In the records below, the line with "text \<open>Every point" opens the range and the line with "Hence \<open>d +" closes it; print that range exactly and nothing else.

+ + + + +

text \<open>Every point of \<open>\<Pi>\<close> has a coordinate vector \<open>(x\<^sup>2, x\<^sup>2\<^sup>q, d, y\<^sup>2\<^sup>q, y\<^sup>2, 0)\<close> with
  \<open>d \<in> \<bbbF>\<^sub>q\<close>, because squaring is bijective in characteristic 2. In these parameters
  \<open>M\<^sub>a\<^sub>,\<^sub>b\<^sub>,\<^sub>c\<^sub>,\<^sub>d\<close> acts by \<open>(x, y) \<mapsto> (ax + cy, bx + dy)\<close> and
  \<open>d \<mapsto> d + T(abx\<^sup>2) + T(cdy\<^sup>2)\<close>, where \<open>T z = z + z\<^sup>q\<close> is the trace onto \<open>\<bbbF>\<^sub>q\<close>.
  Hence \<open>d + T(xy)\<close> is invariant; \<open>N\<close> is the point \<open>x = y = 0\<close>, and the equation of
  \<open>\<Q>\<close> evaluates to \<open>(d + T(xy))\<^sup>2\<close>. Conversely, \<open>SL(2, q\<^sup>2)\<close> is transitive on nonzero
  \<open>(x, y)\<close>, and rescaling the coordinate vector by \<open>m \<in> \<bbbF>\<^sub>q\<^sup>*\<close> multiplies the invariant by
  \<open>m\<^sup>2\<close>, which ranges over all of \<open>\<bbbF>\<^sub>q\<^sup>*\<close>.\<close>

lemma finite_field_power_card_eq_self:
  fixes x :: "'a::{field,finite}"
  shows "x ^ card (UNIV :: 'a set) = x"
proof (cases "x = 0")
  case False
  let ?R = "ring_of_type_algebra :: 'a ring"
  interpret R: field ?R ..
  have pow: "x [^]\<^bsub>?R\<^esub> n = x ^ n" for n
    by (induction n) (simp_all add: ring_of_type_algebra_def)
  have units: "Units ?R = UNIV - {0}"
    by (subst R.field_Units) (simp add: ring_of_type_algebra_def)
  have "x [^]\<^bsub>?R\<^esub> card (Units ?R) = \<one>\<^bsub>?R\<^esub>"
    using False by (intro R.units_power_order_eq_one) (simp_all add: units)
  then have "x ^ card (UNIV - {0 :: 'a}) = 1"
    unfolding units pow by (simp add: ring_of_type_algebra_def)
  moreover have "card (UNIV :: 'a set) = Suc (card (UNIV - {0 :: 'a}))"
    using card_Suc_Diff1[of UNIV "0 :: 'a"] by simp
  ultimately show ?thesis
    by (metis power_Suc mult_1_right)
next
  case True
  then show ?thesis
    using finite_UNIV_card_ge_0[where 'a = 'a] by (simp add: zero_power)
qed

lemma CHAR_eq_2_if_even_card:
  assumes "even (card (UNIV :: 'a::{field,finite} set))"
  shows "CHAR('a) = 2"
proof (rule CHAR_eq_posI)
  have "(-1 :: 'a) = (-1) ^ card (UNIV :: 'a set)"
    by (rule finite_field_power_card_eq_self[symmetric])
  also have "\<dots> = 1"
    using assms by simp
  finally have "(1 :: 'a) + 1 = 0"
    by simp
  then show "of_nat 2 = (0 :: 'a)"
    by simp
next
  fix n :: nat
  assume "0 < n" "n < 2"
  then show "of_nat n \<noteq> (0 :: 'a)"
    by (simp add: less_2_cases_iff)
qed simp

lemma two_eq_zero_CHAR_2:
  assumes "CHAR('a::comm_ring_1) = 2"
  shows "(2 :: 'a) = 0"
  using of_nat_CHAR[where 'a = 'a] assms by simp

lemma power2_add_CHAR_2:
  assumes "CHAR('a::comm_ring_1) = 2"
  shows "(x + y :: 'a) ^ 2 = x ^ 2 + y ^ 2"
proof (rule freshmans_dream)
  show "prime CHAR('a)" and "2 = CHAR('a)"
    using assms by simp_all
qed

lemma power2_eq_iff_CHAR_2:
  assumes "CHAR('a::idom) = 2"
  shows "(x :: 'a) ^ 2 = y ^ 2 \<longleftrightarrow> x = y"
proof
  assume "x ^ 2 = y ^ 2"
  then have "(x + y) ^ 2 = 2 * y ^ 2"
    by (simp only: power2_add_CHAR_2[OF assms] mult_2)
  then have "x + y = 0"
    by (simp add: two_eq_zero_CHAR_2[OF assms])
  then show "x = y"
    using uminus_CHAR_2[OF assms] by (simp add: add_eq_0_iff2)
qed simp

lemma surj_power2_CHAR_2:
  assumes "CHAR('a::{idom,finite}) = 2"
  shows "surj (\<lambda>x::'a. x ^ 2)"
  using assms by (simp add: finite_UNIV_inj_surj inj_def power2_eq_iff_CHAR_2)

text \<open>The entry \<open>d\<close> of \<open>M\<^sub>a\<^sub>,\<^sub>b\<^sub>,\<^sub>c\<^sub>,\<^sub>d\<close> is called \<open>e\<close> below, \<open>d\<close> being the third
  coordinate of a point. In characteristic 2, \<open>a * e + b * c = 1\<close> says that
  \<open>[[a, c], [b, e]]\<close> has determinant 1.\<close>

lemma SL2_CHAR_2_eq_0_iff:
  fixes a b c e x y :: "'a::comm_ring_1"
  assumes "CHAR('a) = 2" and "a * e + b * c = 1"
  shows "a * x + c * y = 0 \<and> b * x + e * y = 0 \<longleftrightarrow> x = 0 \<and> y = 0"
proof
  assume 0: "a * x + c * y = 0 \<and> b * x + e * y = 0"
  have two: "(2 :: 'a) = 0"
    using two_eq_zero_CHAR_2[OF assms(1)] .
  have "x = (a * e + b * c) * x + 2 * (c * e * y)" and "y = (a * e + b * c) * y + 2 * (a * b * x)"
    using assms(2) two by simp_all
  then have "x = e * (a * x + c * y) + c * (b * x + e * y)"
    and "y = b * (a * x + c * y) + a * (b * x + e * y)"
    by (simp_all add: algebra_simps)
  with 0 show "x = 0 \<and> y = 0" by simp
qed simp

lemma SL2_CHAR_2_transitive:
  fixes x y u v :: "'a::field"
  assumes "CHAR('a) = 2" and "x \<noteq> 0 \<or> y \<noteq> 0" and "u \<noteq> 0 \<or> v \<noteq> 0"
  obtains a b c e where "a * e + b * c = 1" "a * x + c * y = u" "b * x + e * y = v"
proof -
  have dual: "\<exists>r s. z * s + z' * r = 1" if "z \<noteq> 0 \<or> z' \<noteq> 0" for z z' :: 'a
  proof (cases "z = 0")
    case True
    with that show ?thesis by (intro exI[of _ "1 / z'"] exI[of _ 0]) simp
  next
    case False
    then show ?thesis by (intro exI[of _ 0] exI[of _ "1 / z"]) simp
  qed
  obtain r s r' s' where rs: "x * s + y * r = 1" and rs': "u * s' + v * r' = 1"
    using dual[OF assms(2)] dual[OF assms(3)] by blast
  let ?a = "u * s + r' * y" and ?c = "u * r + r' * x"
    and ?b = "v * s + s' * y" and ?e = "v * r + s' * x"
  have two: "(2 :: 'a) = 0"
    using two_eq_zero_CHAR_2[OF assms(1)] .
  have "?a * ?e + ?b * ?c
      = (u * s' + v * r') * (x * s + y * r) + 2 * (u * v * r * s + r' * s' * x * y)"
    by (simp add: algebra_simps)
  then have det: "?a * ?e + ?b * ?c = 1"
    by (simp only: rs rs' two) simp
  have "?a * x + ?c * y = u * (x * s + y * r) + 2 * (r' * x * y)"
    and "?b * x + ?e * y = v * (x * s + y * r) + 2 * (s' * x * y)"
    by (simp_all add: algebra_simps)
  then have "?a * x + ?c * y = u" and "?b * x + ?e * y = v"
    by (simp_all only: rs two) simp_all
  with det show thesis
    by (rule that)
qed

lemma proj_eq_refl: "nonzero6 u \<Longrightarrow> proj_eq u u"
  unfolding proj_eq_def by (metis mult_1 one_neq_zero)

+ + + + +

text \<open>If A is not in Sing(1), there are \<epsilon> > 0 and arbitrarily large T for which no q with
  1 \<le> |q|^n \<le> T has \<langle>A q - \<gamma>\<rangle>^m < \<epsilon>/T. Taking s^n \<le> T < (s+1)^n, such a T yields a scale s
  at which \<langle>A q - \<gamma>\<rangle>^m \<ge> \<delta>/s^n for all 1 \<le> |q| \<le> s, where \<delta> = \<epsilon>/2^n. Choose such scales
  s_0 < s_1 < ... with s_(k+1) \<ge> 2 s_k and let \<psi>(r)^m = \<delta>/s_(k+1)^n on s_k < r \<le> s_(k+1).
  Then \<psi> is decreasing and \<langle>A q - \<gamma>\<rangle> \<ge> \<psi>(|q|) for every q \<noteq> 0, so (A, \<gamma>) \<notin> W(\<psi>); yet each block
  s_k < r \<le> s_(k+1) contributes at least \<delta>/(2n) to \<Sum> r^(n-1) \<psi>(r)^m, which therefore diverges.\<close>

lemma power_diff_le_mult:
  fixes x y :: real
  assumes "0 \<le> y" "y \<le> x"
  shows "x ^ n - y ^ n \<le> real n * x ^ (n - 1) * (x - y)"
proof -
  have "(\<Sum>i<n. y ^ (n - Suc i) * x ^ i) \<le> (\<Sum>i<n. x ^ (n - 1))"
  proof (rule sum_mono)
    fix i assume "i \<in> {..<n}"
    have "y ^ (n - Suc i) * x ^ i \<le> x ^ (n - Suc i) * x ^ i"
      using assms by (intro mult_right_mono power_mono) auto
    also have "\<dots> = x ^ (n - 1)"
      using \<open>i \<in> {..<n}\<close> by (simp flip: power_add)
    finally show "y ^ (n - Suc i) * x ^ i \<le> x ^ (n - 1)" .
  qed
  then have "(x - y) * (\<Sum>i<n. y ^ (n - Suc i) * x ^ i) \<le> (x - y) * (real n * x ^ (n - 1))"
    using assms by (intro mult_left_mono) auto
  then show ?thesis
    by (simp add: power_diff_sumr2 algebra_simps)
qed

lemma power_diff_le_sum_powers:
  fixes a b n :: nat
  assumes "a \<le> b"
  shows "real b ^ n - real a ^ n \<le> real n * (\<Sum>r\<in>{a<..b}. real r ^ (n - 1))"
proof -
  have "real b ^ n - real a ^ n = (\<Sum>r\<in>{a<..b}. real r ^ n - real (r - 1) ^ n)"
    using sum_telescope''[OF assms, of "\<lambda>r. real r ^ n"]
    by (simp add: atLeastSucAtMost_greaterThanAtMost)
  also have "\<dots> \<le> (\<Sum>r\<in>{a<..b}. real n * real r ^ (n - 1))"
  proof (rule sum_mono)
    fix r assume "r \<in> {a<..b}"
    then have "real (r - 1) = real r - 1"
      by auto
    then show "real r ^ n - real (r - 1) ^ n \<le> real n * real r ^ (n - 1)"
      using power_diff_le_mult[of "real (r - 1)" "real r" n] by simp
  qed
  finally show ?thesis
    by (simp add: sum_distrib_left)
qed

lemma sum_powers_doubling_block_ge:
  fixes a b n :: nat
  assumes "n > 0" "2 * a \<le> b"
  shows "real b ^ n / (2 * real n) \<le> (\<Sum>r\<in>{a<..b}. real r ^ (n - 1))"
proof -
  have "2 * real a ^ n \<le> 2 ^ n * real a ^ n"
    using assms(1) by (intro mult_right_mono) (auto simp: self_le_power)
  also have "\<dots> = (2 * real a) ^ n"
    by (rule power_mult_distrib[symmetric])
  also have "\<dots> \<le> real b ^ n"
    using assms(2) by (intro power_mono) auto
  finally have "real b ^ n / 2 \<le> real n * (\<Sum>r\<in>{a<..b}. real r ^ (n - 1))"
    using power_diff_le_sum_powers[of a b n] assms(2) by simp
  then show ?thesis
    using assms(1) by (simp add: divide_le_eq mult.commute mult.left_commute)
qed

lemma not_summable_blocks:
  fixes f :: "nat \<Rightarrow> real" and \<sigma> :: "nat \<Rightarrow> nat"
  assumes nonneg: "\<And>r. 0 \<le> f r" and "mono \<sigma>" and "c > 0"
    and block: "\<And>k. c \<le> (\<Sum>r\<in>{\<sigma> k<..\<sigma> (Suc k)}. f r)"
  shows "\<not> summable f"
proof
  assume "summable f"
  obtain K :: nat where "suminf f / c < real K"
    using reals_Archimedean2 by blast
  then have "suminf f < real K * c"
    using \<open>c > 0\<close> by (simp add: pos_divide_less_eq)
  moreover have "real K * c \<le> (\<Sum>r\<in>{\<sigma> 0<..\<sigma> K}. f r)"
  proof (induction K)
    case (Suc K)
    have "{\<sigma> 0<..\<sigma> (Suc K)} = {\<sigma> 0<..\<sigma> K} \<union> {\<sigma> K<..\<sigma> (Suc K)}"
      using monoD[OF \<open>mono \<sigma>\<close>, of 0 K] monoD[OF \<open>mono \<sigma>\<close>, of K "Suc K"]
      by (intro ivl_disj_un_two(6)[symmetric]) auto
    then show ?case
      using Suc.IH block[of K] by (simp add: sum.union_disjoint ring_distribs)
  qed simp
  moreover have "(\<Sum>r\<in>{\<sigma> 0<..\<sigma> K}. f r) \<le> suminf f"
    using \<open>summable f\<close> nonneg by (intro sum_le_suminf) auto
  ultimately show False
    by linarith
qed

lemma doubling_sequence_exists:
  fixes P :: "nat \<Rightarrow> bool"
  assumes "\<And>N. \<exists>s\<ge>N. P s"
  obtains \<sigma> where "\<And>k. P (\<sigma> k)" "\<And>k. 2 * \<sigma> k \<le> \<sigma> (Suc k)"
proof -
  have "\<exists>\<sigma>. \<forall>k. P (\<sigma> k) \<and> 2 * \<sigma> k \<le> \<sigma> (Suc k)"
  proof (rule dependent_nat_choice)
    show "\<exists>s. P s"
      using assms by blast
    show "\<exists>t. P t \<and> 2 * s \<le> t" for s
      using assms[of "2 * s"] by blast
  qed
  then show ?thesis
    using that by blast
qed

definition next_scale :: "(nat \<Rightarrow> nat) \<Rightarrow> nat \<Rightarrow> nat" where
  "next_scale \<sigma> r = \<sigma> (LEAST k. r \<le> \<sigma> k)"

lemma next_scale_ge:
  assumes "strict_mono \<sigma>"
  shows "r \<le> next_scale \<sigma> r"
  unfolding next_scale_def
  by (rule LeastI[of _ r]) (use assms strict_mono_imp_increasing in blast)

+ + + + +

Written response
text \<open>Every point of \<open>\<Pi>\<close> has a coordinate vector \<open>(x\<^sup>2, x\<^sup>2\<^sup>q, d, y\<^sup>2\<^sup>q, y\<^sup>2, 0)\<close> with
  \<open>d \<in> \<bbbF>\<^sub>q\<close>, because squaring is bijective in characteristic 2. In these parameters
  \<open>M\<^sub>a\<^sub>,\<^sub>b\<^sub>,\<^sub>c\<^sub>,\<^sub>d\<close> acts by \<open>(x, y) \<mapsto> (ax + cy, bx + dy)\<close> and
  \<open>d \<mapsto> d + T(abx\<^sup>2) + T(cdy\<^sup>2)\<close>, where \<open>T z = z + z\<^sup>q\<close> is the trace onto \<open>\<bbbF>\<^sub>q\<close>.
  Hence \<open>d + T(xy)\<close> is invariant; \<open>N\<close> is the point \<open>x = y = 0\<close>, and the equation of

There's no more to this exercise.